=== Task brief ===
When you spot the word "unfolding" in a line of the data below, copy that line.

(Extracted records)

'''

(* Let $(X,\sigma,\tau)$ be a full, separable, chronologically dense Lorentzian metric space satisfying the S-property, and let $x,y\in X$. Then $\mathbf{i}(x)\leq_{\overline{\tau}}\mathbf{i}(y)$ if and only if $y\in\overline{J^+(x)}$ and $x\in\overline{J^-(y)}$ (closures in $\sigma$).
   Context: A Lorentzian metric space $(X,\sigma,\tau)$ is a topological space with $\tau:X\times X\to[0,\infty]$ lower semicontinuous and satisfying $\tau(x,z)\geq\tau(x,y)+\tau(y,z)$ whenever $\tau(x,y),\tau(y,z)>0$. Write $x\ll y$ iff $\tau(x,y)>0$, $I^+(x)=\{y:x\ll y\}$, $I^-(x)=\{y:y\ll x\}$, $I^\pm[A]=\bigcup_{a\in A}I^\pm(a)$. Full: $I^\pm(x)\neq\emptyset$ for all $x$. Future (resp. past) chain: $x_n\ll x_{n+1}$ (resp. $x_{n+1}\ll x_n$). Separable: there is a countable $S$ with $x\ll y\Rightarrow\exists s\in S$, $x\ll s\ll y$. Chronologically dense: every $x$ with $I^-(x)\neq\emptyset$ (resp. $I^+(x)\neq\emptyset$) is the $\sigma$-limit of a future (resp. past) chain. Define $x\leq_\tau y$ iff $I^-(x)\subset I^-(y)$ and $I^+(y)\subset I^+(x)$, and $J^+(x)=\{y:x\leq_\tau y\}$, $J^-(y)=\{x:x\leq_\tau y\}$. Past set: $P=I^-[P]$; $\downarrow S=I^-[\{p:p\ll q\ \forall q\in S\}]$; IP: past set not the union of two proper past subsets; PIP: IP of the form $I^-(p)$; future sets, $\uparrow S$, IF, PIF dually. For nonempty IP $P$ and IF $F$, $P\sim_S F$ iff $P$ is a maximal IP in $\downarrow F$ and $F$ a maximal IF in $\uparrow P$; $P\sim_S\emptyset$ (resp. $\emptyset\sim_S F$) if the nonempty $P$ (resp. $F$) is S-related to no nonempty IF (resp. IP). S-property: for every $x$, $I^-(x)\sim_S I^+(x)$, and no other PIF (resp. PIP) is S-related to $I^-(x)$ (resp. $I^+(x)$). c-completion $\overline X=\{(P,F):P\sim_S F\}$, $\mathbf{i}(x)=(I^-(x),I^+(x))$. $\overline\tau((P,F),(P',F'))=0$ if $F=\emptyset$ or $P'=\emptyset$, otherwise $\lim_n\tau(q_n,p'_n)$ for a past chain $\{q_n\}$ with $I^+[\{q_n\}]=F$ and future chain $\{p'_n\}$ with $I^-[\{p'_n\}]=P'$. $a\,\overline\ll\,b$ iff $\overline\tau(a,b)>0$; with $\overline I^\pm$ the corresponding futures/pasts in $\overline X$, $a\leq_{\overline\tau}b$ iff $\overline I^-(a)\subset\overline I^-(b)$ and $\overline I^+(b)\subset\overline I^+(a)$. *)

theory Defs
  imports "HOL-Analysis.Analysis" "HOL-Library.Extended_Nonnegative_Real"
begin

'''
'''

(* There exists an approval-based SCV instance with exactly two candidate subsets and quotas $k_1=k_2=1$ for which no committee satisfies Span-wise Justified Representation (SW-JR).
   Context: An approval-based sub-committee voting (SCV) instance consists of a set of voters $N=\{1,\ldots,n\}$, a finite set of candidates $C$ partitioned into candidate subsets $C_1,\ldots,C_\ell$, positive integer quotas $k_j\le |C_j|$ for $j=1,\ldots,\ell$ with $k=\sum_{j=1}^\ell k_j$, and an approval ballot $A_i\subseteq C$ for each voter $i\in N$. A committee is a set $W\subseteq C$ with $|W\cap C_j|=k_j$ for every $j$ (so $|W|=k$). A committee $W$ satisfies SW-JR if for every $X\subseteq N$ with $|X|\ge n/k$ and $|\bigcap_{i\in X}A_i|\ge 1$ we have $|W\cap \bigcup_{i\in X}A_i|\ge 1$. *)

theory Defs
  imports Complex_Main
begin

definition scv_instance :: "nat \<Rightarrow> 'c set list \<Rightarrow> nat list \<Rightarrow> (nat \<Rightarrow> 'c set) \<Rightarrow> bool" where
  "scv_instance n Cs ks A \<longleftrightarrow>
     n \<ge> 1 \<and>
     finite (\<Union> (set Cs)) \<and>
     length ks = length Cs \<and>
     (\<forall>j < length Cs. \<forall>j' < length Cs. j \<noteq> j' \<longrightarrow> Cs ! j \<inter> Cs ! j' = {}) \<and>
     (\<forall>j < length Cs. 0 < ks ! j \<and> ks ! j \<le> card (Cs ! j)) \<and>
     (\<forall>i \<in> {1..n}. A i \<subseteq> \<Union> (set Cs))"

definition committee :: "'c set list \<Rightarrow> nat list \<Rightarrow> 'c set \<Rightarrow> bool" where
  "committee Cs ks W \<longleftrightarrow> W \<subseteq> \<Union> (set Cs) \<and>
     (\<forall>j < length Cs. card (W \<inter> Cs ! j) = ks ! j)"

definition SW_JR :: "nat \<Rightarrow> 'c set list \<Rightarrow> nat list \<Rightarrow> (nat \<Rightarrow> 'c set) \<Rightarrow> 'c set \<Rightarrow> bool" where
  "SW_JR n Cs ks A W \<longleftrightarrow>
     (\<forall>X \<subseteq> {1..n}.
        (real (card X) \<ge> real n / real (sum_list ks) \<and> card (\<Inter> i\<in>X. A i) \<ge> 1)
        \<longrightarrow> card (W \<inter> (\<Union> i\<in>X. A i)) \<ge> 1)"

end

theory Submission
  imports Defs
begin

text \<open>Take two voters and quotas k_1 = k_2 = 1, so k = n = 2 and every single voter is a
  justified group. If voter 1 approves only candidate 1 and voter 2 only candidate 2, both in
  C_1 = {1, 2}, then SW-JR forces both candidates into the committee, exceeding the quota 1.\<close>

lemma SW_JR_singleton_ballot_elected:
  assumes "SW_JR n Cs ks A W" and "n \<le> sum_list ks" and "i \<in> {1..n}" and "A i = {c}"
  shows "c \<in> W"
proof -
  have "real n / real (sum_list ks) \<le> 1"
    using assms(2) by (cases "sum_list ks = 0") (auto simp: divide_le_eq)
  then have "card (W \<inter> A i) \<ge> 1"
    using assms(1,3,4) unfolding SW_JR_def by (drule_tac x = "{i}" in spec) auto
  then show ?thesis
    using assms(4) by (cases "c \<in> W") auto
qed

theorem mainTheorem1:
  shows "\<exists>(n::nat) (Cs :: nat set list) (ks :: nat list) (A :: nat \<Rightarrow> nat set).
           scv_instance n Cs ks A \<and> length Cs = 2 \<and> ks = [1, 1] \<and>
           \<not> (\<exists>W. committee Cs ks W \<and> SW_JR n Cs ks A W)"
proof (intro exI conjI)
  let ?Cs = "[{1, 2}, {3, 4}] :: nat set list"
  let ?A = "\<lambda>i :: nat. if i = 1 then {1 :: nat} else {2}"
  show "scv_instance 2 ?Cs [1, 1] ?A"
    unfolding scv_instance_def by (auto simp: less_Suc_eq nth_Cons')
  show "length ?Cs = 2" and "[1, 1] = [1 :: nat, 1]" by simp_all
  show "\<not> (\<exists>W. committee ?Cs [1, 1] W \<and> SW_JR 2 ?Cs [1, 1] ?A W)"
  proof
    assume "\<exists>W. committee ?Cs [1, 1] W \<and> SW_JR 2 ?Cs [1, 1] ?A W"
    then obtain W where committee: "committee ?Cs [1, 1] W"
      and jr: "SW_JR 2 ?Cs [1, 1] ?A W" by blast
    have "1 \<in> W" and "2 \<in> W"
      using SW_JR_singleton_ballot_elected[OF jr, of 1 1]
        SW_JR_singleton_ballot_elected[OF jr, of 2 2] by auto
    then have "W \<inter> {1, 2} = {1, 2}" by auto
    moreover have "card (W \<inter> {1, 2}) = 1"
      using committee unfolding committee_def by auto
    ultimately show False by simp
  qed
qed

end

'''

=== Exercise response ===
    using assms(1,3,4) unfolding SW_JR_def by (drule_tac x = "{i}" in spec) auto
    unfolding scv_instance_def by (auto simp: less_Suc_eq nth_Cons')
      using committee unfolding committee_def by auto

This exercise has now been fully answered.